'''
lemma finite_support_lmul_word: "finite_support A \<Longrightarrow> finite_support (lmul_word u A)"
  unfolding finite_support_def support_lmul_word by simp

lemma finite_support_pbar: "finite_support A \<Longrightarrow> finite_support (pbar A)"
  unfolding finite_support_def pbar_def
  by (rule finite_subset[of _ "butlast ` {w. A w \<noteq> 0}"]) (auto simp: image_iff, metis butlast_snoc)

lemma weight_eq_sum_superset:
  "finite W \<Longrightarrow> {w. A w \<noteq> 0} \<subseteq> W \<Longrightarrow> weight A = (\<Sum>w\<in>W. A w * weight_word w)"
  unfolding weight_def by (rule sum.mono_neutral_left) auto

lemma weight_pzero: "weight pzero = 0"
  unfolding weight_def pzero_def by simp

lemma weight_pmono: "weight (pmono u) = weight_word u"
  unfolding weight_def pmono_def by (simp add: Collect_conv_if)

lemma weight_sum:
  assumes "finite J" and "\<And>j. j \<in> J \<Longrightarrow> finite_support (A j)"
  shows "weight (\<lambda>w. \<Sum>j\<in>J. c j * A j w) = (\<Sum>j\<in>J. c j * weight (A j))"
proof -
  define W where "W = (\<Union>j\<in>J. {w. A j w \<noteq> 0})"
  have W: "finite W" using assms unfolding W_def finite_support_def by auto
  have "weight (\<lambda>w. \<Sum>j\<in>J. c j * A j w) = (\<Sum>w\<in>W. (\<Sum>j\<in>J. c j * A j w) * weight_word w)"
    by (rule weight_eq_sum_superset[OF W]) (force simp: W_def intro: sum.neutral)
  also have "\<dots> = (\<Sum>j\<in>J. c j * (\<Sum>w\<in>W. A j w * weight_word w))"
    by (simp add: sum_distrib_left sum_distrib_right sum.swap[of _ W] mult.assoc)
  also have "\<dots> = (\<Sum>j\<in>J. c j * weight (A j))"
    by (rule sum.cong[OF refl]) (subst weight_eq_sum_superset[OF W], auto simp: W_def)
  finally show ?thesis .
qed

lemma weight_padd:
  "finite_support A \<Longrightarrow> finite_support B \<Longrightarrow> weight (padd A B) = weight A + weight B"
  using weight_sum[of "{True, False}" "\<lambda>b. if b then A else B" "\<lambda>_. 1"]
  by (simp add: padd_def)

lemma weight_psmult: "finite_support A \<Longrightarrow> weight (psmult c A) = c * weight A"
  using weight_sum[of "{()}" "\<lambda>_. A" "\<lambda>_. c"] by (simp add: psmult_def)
'''
## Work instruction
Repeat exactly the lines above from the one with "J \<Longrightarrow> finite_support" up to and including the one with "w) = (\<Sum>w\<in>W.". No other line belongs in the reply.

## Result of the exercise
  assumes "finite J" and "\<And>j. j \<in> J \<Longrightarrow> finite_support (A j)"
  shows "weight (\<lambda>w. \<Sum>j\<in>J. c j * A j w) = (\<Sum>j\<in>J. c j * weight (A j))"
proof -
  define W where "W = (\<Union>j\<in>J. {w. A j w \<noteq> 0})"
  have W: "finite W" using assms unfolding W_def finite_support_def by auto
  have "weight (\<lambda>w. \<Sum>j\<in>J. c j * A j w) = (\<Sum>w\<in>W. (\<Sum>j\<in>J. c j * A j w) * weight_word w)"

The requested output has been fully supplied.